SUPPLIED MATERIAL Start Marker
theorem mainTheorem12:
  fixes V :: "'a set" and E :: "'a \<Rightarrow> 'a \<Rightarrow> bool" and n r m :: nat
  assumes "simple_graph V E"
    and "n > 0" and "even n"
    and "r \<ge> 1" and "regular V E (2 * r)"
    and "card V = m"
    and "chromatic_number V E = 3"
    and "\<exists>c. proper_coloring V E c 3 \<and>
           (\<forall>v\<in>V. \<exists>a b. a \<noteq> b
              \<and> nbhd V E v = {u \<in> nbhd V E v. c u = a} \<union> {u \<in> nbhd V E v. c u = b}
              \<and> card {u \<in> nbhd V E v. c u = a} = r
              \<and> card {u \<in> nbhd V E v. c u = b} = r)"
  shows "chi_ld (lex_V V (empty_V n)) (lex_E E empty_E) = 3"
proof -
  (* Regularity follows from the neighbourhood condition. *)
  obtain c where c: "proper_coloring V E c 3" and split: "\<forall>v\<in>V. nbhd_two_colours V E c r v"
    using assms(8) unfolding nbhd_two_colours_def by blast
  have "V \<noteq> {}" using chromatic_number_empty[of E c 3] c assms(7) by auto
  obtain f where f: "ld_antimagic (lex_V V (empty_V n)) (lex_E E empty_E) f"
    and "card (weight (lex_V V (empty_V n)) (lex_E E empty_E) f ` lex_V V (empty_V n)) \<le> 3"
    using ex_ld_antimagic_lex_empty_three_weights[OF assms(1-4) \<open>V \<noteq> {}\<close> c split] by blast
  have lower: "3 \<le> card (weight (lex_V V (empty_V n)) (lex_E E empty_E) g ` lex_V V (empty_V n))"
    if "ld_antimagic (lex_V V (empty_V n)) (lex_E E empty_E) g" for g
    using chromatic_number_le_card_weights_lex_empty[OF assms(1,2) that] assms(7) by simp
  have "finite (lex_V V (empty_V n))"
    using assms(1) by (simp add: simple_graph_def lex_V_def empty_V_def)
  moreover have "card (weight (lex_V V (empty_V n)) (lex_E E empty_E) f ` lex_V V (empty_V n)) = 3"
    using \<open>card _ \<le> 3\<close> lower[OF f] by linarith
  ultimately show ?thesis using f lower by (intro chi_ld_eqI)
qed

end
text \<open>The last box z of ys is incomparable with every box following it in xs, so it can be moved
  to the end of xs, and the rest is the induction hypothesis.\<close>

lemma foldl_toggle_step_corner_sequences:
  assumes "corner_sequence xs" "corner_sequence ys" "set xs = set ys"
  shows "foldl (toggle_step t) s xs = foldl (toggle_step t) s ys"
  using assms
proof (induction ys arbitrary: xs rule: rev_induct)
  case Nil
  then show ?case by simp
next
  case (snoc z ys)
  have ys: "corner_sequence ys" "z \<notin> set ys"
    using corner_sequence_take[OF snoc.prems(2), of "length ys"] snoc.prems(2)
    by (simp_all add: corner_sequence_def)
  have "z \<in> set xs"
    using snoc.prems(3) by simp
  then obtain as bs where xs: "xs = as @ z # bs"
    by (blast dest: split_list)
  have distinct: "distinct (as @ z # bs)"
    using snoc.prems(1) xs unfolding corner_sequence_def by simp
  have as_bs: "set as \<union> set bs = set ys"
    using snoc.prems(3) distinct ys(2) xs by auto
  have "\<forall>x \<in> set as. x \<in> set ys" "\<forall>x \<in> set bs. x \<in> set ys"
    using as_bs by auto
  then have "filter (\<lambda>x. x \<in> set ys) xs = as @ bs"
    unfolding xs using ys(2) by simp
  then have "corner_sequence (as @ bs)"
    using corner_sequence_filter[OF snoc.prems(1) corner_sequence_down_closed[OF ys(1)]] by simp
  then have IH: "foldl (toggle_step t) s (as @ bs) = foldl (toggle_step t) s ys"
    using ys(1) as_bs by (intro snoc.IH) simp_all
  have "\<forall>y \<in> set bs. (1, 1) \<le> y \<and> \<not> z \<le> y \<and> \<not> y \<le> z"
    using snoc.prems(1) corner_sequence_down_closed[OF ys(1)] ys(2) as_bs
    unfolding xs by (intro corner_sequence_incomparable) auto
  then have "foldl (toggle_step t) (foldl (toggle_step t) s as) (z # bs)
      = foldl (toggle_step t) (foldl (toggle_step t) s as) (bs @ [z])"
    using down_closed_pos[OF corner_sequence_down_closed[OF snoc.prems(2)]]
    by (intro foldl_toggle_step_move_last) auto
  then show ?case
    unfolding xs using IH by simp
qed

lemma down_closedI:
  assumes "\<And>i j. (i, j) \<in> A \<Longrightarrow> 1 \<le> i \<and> 1 \<le> j"
    and "\<And>i j i' j'. (i, j) \<in> A \<Longrightarrow> 1 \<le> i' \<Longrightarrow> i' \<le> i \<Longrightarrow> 1 \<le> j' \<Longrightarrow> j' \<le> j \<Longrightarrow> (i', j') \<in> A"
  shows "down_closed A"
  unfolding down_closed_def
proof (intro ballI conjI subsetI)
  fix x y
  assume "x \<in> A"
  then show "(1, 1) \<le> x"
    using assms(1) by (cases x) auto
  assume "y \<in> {(1, 1)..x}"
  with \<open>x \<in> A\<close> show "y \<in> A"
    using assms(2) by (cases x, cases y) auto
qed

lemma down_closed_boxes:
  assumes "sorted_wrt (\<ge>) lam"
  shows "down_closed (boxes lam)"
proof (rule down_closedI)
  fix i j i' j'
  assume ij: "(i, j) \<in> boxes lam" and "1 \<le> i'" "i' \<le> i" "1 \<le> j'" "j' \<le> j"
  moreover have "lam ! (i - 1) \<le> lam ! (i' - 1)"
    using assms ij \<open>1 \<le> i'\<close> \<open>i' \<le> i\<close>
    by (cases "i' = i") (auto simp: sorted_wrt_iff_nth_less boxes_def)
  ultimately show "(i', j') \<in> boxes lam"
    by (auto simp: boxes_def)
qed (auto simp: boxes_def)

lemma set_reading_boxes: "set (reading_boxes lam) = boxes lam"
  unfolding reading_boxes_def boxes_def by (auto simp del: upt_Suc simp: image_iff)

lemma reading_boxes_snoc:
  "reading_boxes (lam @ [r]) = reading_boxes lam @ map (Pair (Suc (length lam))) [1..<Suc r]"
proof -
  have rows: "map (\<lambda>i. map (Pair i) [1..<Suc ((lam @ [r]) ! (i - 1))]) [1..<Suc (length lam)]
      = map (\<lambda>i. map (Pair i) [1..<Suc (lam ! (i - 1))]) [1..<Suc (length lam)]"
    by (rule map_cong) (auto simp: nth_append simp del: upt_Suc)
  have last_row: "[1..<Suc (Suc (length lam))] = [1..<Suc (length lam)] @ [Suc (length lam)]"
    by simp
  show ?thesis
    unfolding reading_boxes_def length_append_singleton last_row map_append concat_append rows
    by simp
qed

lemma take_map_Pair_upt: "take n (map (Pair i) [1..<Suc r]) = map (Pair i) [1..<Suc (min n r)]"
  by (cases "n \<le> r") (simp_all add: take_map min_def del: upt_Suc)

lemma corner_sequence_reading_boxes:
  assumes "sorted_wrt (\<ge>) lam"
  shows "corner_sequence (reading_boxes lam)"
  using assms
proof (induction lam rule: rev_induct)
  case Nil
  then show ?case
    by (simp add: reading_boxes_def corner_sequence_def down_closed_def)
next
  case (snoc r lam)
  let ?row = "map (Pair (Suc (length lam))) [1..<Suc r]"
  have sorted: "sorted_wrt (\<ge>) lam" "sorted_wrt (\<ge>) (lam @ [k])" if "k \<le> r" for k
    using snoc.prems that by (auto simp: sorted_wrt_append)
  then have IH: "corner_sequence (reading_boxes lam)"
    using snoc.IH by blast
  have "distinct (reading_boxes lam @ ?row)"
    using IH by (auto simp: corner_sequence_def distinct_map inj_on_def set_reading_boxes boxes_def)
  moreover have "down_closed (set (take n (reading_boxes lam @ ?row)))" for n
  proof (cases "n \<le> length (reading_boxes lam)")
    case True
    then show ?thesis
      using IH by (simp add: corner_sequence_def)
  next
    case False
    then have "take n (reading_boxes lam @ ?row) = reading_boxes (lam @ [min (n - length (reading_boxes lam)) r])"
      using take_map_Pair_upt[of "n - length (reading_boxes lam)"] by (simp add: reading_boxes_snoc del: upt_Suc)
    then show ?thesis
      using sorted by (simp add: set_reading_boxes down_closed_boxes)
  qed
  ultimately show ?case
    by (simp add: corner_sequence_def reading_boxes_snoc)
qed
SUPPLIED MATERIAL End Marker
REQUIRED ACTION: Wherever the word "rows" occurs in the data above, copy the line it sits in.

ANSWER SECTION:
  have rows: "map (\<lambda>i. map (Pair i) [1..<Suc ((lam @ [r]) ! (i - 1))]) [1..<Suc (length lam)]
    unfolding reading_boxes_def length_append_singleton last_row map_append concat_append rows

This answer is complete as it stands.